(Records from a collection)
· · ·

(* Let $\mathcal{T}=(V,E,L)$ be a trellis of length $n$ with labels in $\mathbb{Q}[\Sigma]$, and let $v\neq v'$ be two vertices lying in the same layer $V_j$ with $1\le j\le n-1$ that are mergeable, i.e. $$\mathcal{P}(v)\mathcal{F}(v)+\mathcal{P}(v')\mathcal{F}(v')=\mathcal{P}(v)\mathcal{F}(v')+\mathcal{P}(v')\mathcal{F}(v)\quad\text{in }\mathbb{Q}[\Sigma^+].$$ Let $\mathcal{T}^*=(V^*,E^*,L^* )$ be the trellis obtained by merging $v$ and $v'$. Then $\mathcal{C}(\mathcal{T}^* )=\mathcal{C}(\mathcal{T})$.
   Context: $\Sigma$ is a finite alphabet, $\Sigma^+$ is the semigroup of nonempty finite strings over $\Sigma$ under concatenation, and $\mathbb{Q}[\Sigma^+]$ is its semigroup algebra over $\mathbb{Q}$: finite formal sums $\sum a_{\boldsymbol\sigma}\boldsymbol\sigma$ with $a_{\boldsymbol\sigma}\in\mathbb{Q}$, with multiplication given by concatenation extended bilinearly. $\mathbb{Q}[\Sigma]\subseteq\mathbb{Q}[\Sigma^+]$ denotes the formal $\mathbb{Q}$-linear combinations of single symbols. A trellis $\mathcal{T}=(V,E,L)$ of length $n$ is a directed graph whose vertex set is partitioned as $V=V_0\cup\dots\cup V_n$, with $V_0=\{\mathrm{root}\}$, $V_n=\{\mathrm{toor}\}$, every edge going from some $V_{j-1}$ to $V_j$ ($j\in[n]$), together with an edge-labelling $L:E\to\mathbb{Q}[\Sigma]$; extend $L$ to $V\times V$ by $L(u,w)=0$ if $(u,w)\notin E$. The label of a path is the product (in $\mathbb{Q}[\Sigma^+]$) of its edge labels in order. $\mathcal{C}(\mathcal{T})\in\mathbb{Q}[\Sigma^+]$ is the sum of the labels of all root-to-toor paths (this encodes the multiset of path label strings). For a vertex $w$, the past $\mathcal{P}(w)$ is the sum of labels of all paths from the root to $w$ and the future $\mathcal{F}(w)$ is the sum of labels of all paths from $w$ to the toor. Merging $v,v'\in V_j$: set $V^*=(V\setminus\{v,v'\})\cup\{v^*\}$ with $v^*\in V^*_j$; keep every edge $(w,w')$ of $E$ with $w,w'\notin\{v,v'\}$ with the same label; for every $w\in V_{j-1}$ put $L^*(w,v^* )=L(w,v)+L(w,v')$; for every $w\in V_{j+1}$ put $L^*(v^*,w)=\tfrac12\big(L(v,w)+L(v',w)\big)$ (edges with label $0$ are regarded as absent). *)

theory Defs
  imports Complex_Main "HOL-Library.Function_Algebras"
begin

text \<open>Elements of the semigroup algebra Q[Sigma^+] are represented as coefficient
functions on strings (lists over the alphabet). All elements occurring here have finite
support and vanish on the empty string; the embedding of Q[Sigma^+] into the monoid
algebra Q[Sigma^*] is injective and multiplicative, so equalities are the same.\<close>

type_synonym 's alg = "'s list \<Rightarrow> rat"

definition conv :: "'s alg \<Rightarrow> 's alg \<Rightarrow> 's alg" where
  "conv f g = (\<lambda>w. \<Sum>i\<le>length w. f (take i w) * g (drop i w))"

definition in_QSigma :: "'s alg \<Rightarrow> bool" where
  "in_QSigma f \<longleftrightarrow> (\<forall>w. f w \<noteq> 0 \<longrightarrow> length w = 1)"

text \<open>A trellis of length n: layers V 0, ..., V n (finite, pairwise disjoint),
V 0 = {rt}, V n = {tr}; labels L u w (0 meaning: no edge) are in Q[Sigma]
and nonzero only from some layer j-1 to layer j, j in [n].\<close>

definition trellis :: "nat \<Rightarrow> (nat \<Rightarrow> 'v set) \<Rightarrow> ('v \<Rightarrow> 'v \<Rightarrow> 's alg) \<Rightarrow> 'v \<Rightarrow> 'v \<Rightarrow> bool" where
  "trellis n V L rt tr \<longleftrightarrow>
     (\<forall>j\<le>n. finite (V j)) \<and>
     (\<forall>i\<le>n. \<forall>j\<le>n. i \<noteq> j \<longrightarrow> V i \<inter> V j = {}) \<and>
     V 0 = {rt} \<and> V n = {tr} \<and>
     (\<forall>u w. L u w \<noteq> 0 \<longrightarrow> (\<exists>j\<in>{1..n}. u \<in> V (j - 1) \<and> w \<in> V j)) \<and>
     (\<forall>u w. in_QSigma (L u w))"

fun plab :: "('v \<Rightarrow> 'v \<Rightarrow> 's alg) \<Rightarrow> 'v list \<Rightarrow> 's alg" where
  "plab L (x # y # []) = L x y"
| "plab L (x # y # z # zs) = conv (L x y) (plab L (y # z # zs))"
| "plab L _ = (\<lambda>_. 0)"

definition psum :: "(nat \<Rightarrow> 'v set) \<Rightarrow> ('v \<Rightarrow> 'v \<Rightarrow> 's alg) \<Rightarrow> 'v \<Rightarrow> 'v \<Rightarrow> nat \<Rightarrow> nat \<Rightarrow> 's alg" where
  "psum V L a b i k =
     (\<Sum>xs\<in>{xs. length xs = Suc (k - i) \<and> (\<forall>t\<le>k - i. xs ! t \<in> V (i + t))
               \<and> hd xs = a \<and> last xs = b}. plab L xs)"

definition code :: "nat \<Rightarrow> (nat \<Rightarrow> 'v set) \<Rightarrow> ('v \<Rightarrow> 'v \<Rightarrow> 's alg) \<Rightarrow> 'v \<Rightarrow> 'v \<Rightarrow> 's alg" where
  "code n V L rt tr = psum V L rt tr 0 n"

definition past :: "(nat \<Rightarrow> 'v set) \<Rightarrow> ('v \<Rightarrow> 'v \<Rightarrow> 's alg) \<Rightarrow> 'v \<Rightarrow> nat \<Rightarrow> 'v \<Rightarrow> 's alg" where
  "past V L rt j w = psum V L rt w 0 j"

definition future :: "nat \<Rightarrow> (nat \<Rightarrow> 'v set) \<Rightarrow> ('v \<Rightarrow> 'v \<Rightarrow> 's alg) \<Rightarrow> 'v \<Rightarrow> nat \<Rightarrow> 'v \<Rightarrow> 's alg" where
  "future n V L tr j w = psum V L w tr j n"

text \<open>Merging v, v' in layer j: the merged vertex v* is None, other vertices a are Some a.\<close>

definition merge_V :: "(nat \<Rightarrow> 'v set) \<Rightarrow> nat \<Rightarrow> 'v \<Rightarrow> 'v \<Rightarrow> nat \<Rightarrow> 'v option set" where
  "merge_V V j v v' i = Some ` (V i - {v, v'}) \<union> (if i = j then {None} else {})"

definition merge_L :: "(nat \<Rightarrow> 'v set) \<Rightarrow> ('v \<Rightarrow> 'v \<Rightarrow> 's alg) \<Rightarrow> nat \<Rightarrow> 'v \<Rightarrow> 'v
      \<Rightarrow> 'v option \<Rightarrow> 'v option \<Rightarrow> 's alg" where
  "merge_L V L j v v' x y =
     (case (x, y) of
        (Some a, Some b) \<Rightarrow> if a \<notin> {v, v'} \<and> b \<notin> {v, v'} then L a b else (\<lambda>_. 0)
      | (Some a, None) \<Rightarrow> if a \<in> V (j - 1) then (\<lambda>w. L a v w + L a v' w) else (\<lambda>_. 0)
      | (None, Some b) \<Rightarrow> if b \<in> V (j + 1) then (\<lambda>w. (1/2) * (L v b w + L v' b w)) else (\<lambda>_. 0)
      | (None, None) \<Rightarrow> (\<lambda>_. 0))"

end

theory Submission
  imports Defs
begin

text \<open>Every root-to-toor path passes through exactly one vertex u of the layer V j, so
  C(T) is the sum over u of P(u) F(u). Merging v and v' changes neither the pasts nor the
  futures of the other vertices of V j; the merged vertex has past P(v) + P(v') and future
  (F(v) + F(v'))/2, so it contributes (P(v) + P(v'))(F(v) + F(v'))/2, and by mergeability this
  equals the former contribution P(v) F(v) + P(v') F(v').\<close>

subsection \<open>Convolution\<close>

lemma conv_zero_left: "conv 0 g = 0"
  by (simp add: conv_def fun_eq_iff)

lemma conv_zero_right: "conv f 0 = 0"
  by (simp add: conv_def fun_eq_iff)

lemma conv_add_left: "conv (f + g) h = conv f h + conv g h"
  by (rule ext) (simp add: conv_def distrib_right sum.distrib)

lemma conv_add_right: "conv f (g + h) = conv f g + conv f h"
  by (rule ext) (simp add: conv_def distrib_left sum.distrib)

lemma conv_sum_left: "conv (\<Sum>a\<in>A. f a) g = (\<Sum>a\<in>A. conv (f a) g)"
proof (induction A rule: infinite_finite_induct)
  case (insert x F)
  then show ?case by (metis sum.insert conv_add_left)
qed (simp_all add: conv_def)

lemma conv_sum_right: "conv f (\<Sum>a\<in>A. g a) = (\<Sum>a\<in>A. conv f (g a))"
proof (induction A rule: infinite_finite_induct)
  case (insert x F)
  then show ?case by (metis sum.insert conv_add_right)
qed (simp_all add: conv_def)

lemma conv_scale_left: "conv ((\<lambda>_. c) * f) g = (\<lambda>_. c) * conv f g"
  by (rule ext) (simp add: conv_def sum_distrib_left mult.assoc)

lemma conv_scale_right: "conv f ((\<lambda>_. c) * g) = (\<lambda>_. c) * conv f g"
  by (rule ext) (simp add: conv_def sum_distrib_left algebra_simps)

lemma conv_assoc: "conv (conv f g) h = conv f (conv g h)"
proof (rule ext)
  fix w :: "'a list"
  define n where "n = length w"
  define G where "G = (\<lambda>p q. f (take p w) * g (take q (drop p w)) * h (drop (p + q) w))"
  have "conv (conv f g) h w = (\<Sum>k\<le>n. \<Sum>p\<le>k. G p (k - p))"
    unfolding conv_def n_def[symmetric] G_def
    by (rule sum.cong[OF refl]) (simp add: sum_distrib_right n_def min_def take_drop)
  also have "\<dots> = (\<Sum>(p, q)\<in>{(p, q). p + q \<le> n}. G p q)"
    by (rule sum.triangle_reindex_eq[symmetric])
  also have "{(p, q). p + q \<le> n} = Sigma {..n} (\<lambda>p. {..n - p})"
    by auto
  also have "(\<Sum>(p, q)\<in>Sigma {..n} (\<lambda>p. {..n - p}). G p q) = (\<Sum>p\<le>n. \<Sum>q\<le>n - p. G p q)"
    by (rule sum.Sigma[symmetric]) auto
  also have "\<dots> = conv f (conv g h) w"
    unfolding conv_def n_def[symmetric] G_def
    by (rule sum.cong[OF refl]) (simp add: sum_distrib_left n_def add.commute mult.assoc)
  finally show "conv (conv f g) h w = conv f (conv g h) w" .
qed

lemma conv_average_eq:
  assumes "conv p f + conv p' f' = conv p f' + conv p' f"
  shows "conv (p + p') ((\<lambda>_. 1/2) * (f + f')) = conv p f + conv p' f'"
proof -
  have "conv (p + p') (f + f') = (conv p f + conv p' f') + (conv p f + conv p' f')"
    using assms by (simp add: conv_add_left conv_add_right algebra_simps)
  then show ?thesis
    by (simp add: conv_scale_right fun_eq_iff)
qed

subsection \<open>Paths\<close>

lemma plab_snoc: "2 \<le> length xs \<Longrightarrow> plab L (xs @ [b]) = conv (plab L xs) (L (last xs) b)"
  by (induction L xs rule: plab.induct) (auto simp: conv_assoc)

lemma plab_map:
  assumes "\<forall>t. Suc t < length xs \<longrightarrow> M (f (xs ! t)) (f (xs ! Suc t)) = L (xs ! t) (xs ! Suc t)"
  shows "plab M (map f xs) = plab L xs"
  using assms
proof (induction L xs rule: plab.induct)
  case (2 L x y z zs)
  then have "M (f x) (f y) = L x y" by fastforce
  moreover have "plab M (map f (y # z # zs)) = plab L (y # z # zs)"
    using "2.prems" by (intro "2.IH") fastforce
  ultimately show ?case by simp
qed auto

definition paths :: "(nat \<Rightarrow> 'v set) \<Rightarrow> 'v \<Rightarrow> 'v \<Rightarrow> nat \<Rightarrow> nat \<Rightarrow> 'v list set" where
  "paths V a b i k = {xs. length xs = Suc (k - i) \<and> (\<forall>t\<le>k - i. xs ! t \<in> V (i + t))
     \<and> hd xs = a \<and> last xs = b}"

lemma psum_paths: "psum V L a b i k = (\<Sum>xs\<in>paths V a b i k. plab L xs)"
  unfolding psum_def paths_def ..

lemma mem_paths_iff:
  "xs \<in> paths V a b i k \<longleftrightarrow> length xs = Suc (k - i) \<and> (\<forall>t\<le>k - i. xs ! t \<in> V (i + t))
     \<and> xs ! 0 = a \<and> xs ! (k - i) = b"
  unfolding paths_def by (cases "xs = []") (auto simp: hd_conv_nth last_conv_nth)

lemma finite_paths:
  assumes "i \<le> k" "\<forall>t\<in>{i..k}. finite (V t)"
  shows "finite (paths V a b i k)"
proof (rule finite_subset)
  show "paths V a b i k \<subseteq> {xs. set xs \<subseteq> (\<Union>t\<in>{i..k}. V t) \<and> length xs = Suc (k - i)}"
  proof (rule subsetI, intro CollectI conjI)
    fix xs assume xs: "xs \<in> paths V a b i k"
    then show "length xs = Suc (k - i)"
      by (simp add: mem_paths_iff)
    show "set xs \<subseteq> (\<Union>t\<in>{i..k}. V t)"
    proof
      fix x assume "x \<in> set xs"
      then obtain t where "t < length xs" "x = xs ! t"
        by (auto simp: in_set_conv_nth)
      then show "x \<in> (\<Union>t\<in>{i..k}. V t)"
        using xs assms(1) by (intro UN_I[of "i + t"]) (auto simp: mem_paths_iff less_Suc_eq_le)
    qed
  qed
  show "finite {xs. set xs \<subseteq> (\<Union>t\<in>{i..k}. V t) \<and> length xs = Suc (k - i)}"
    using assms by (intro finite_lists_length_eq) auto
qed

lemma paths_step: "paths V a b i (Suc i) = (if a \<in> V i \<and> b \<in> V (Suc i) then {[a, b]} else {})"
proof -
  have "xs \<in> paths V a b i (Suc i) \<longleftrightarrow> a \<in> V i \<and> b \<in> V (Suc i) \<and> xs = [a, b]" for xs
  proof
    assume "xs \<in> paths V a b i (Suc i)"
    then have "length xs = 2" "xs ! 0 = a" "xs ! 1 = b" "a \<in> V i" "b \<in> V (Suc i)"
      by (auto simp: mem_paths_iff)
    then show "a \<in> V i \<and> b \<in> V (Suc i) \<and> xs = [a, b]"
      by (auto simp: numeral_2_eq_2 length_Suc_conv)
  qed (auto simp: mem_paths_iff le_Suc_eq)
  then show ?thesis by auto
qed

· · ·

What you will do —
Write out, from the lines above, only those from the line with "text \<open>Elements of" to the line with "(\<forall>u w. in_QSigma", exactly as given, including the first and the last.

Answer for the task —
text \<open>Elements of the semigroup algebra Q[Sigma^+] are represented as coefficient
functions on strings (lists over the alphabet). All elements occurring here have finite
support and vanish on the empty string; the embedding of Q[Sigma^+] into the monoid
algebra Q[Sigma^*] is injective and multiplicative, so equalities are the same.\<close>

type_synonym 's alg = "'s list \<Rightarrow> rat"

definition conv :: "'s alg \<Rightarrow> 's alg \<Rightarrow> 's alg" where
  "conv f g = (\<lambda>w. \<Sum>i\<le>length w. f (take i w) * g (drop i w))"

definition in_QSigma :: "'s alg \<Rightarrow> bool" where
  "in_QSigma f \<longleftrightarrow> (\<forall>w. f w \<noteq> 0 \<longrightarrow> length w = 1)"

text \<open>A trellis of length n: layers V 0, ..., V n (finite, pairwise disjoint),
V 0 = {rt}, V n = {tr}; labels L u w (0 meaning: no edge) are in Q[Sigma]
and nonzero only from some layer j-1 to layer j, j in [n].\<close>

definition trellis :: "nat \<Rightarrow> (nat \<Rightarrow> 'v set) \<Rightarrow> ('v \<Rightarrow> 'v \<Rightarrow> 's alg) \<Rightarrow> 'v \<Rightarrow> 'v \<Rightarrow> bool" where
  "trellis n V L rt tr \<longleftrightarrow>
     (\<forall>j\<le>n. finite (V j)) \<and>
     (\<forall>i\<le>n. \<forall>j\<le>n. i \<noteq> j \<longrightarrow> V i \<inter> V j = {}) \<and>
     V 0 = {rt} \<and> V n = {tr} \<and>
     (\<forall>u w. L u w \<noteq> 0 \<longrightarrow> (\<exists>j\<in>{1..n}. u \<in> V (j - 1) \<and> w \<in> V j)) \<and>
     (\<forall>u w. in_QSigma (L u w))"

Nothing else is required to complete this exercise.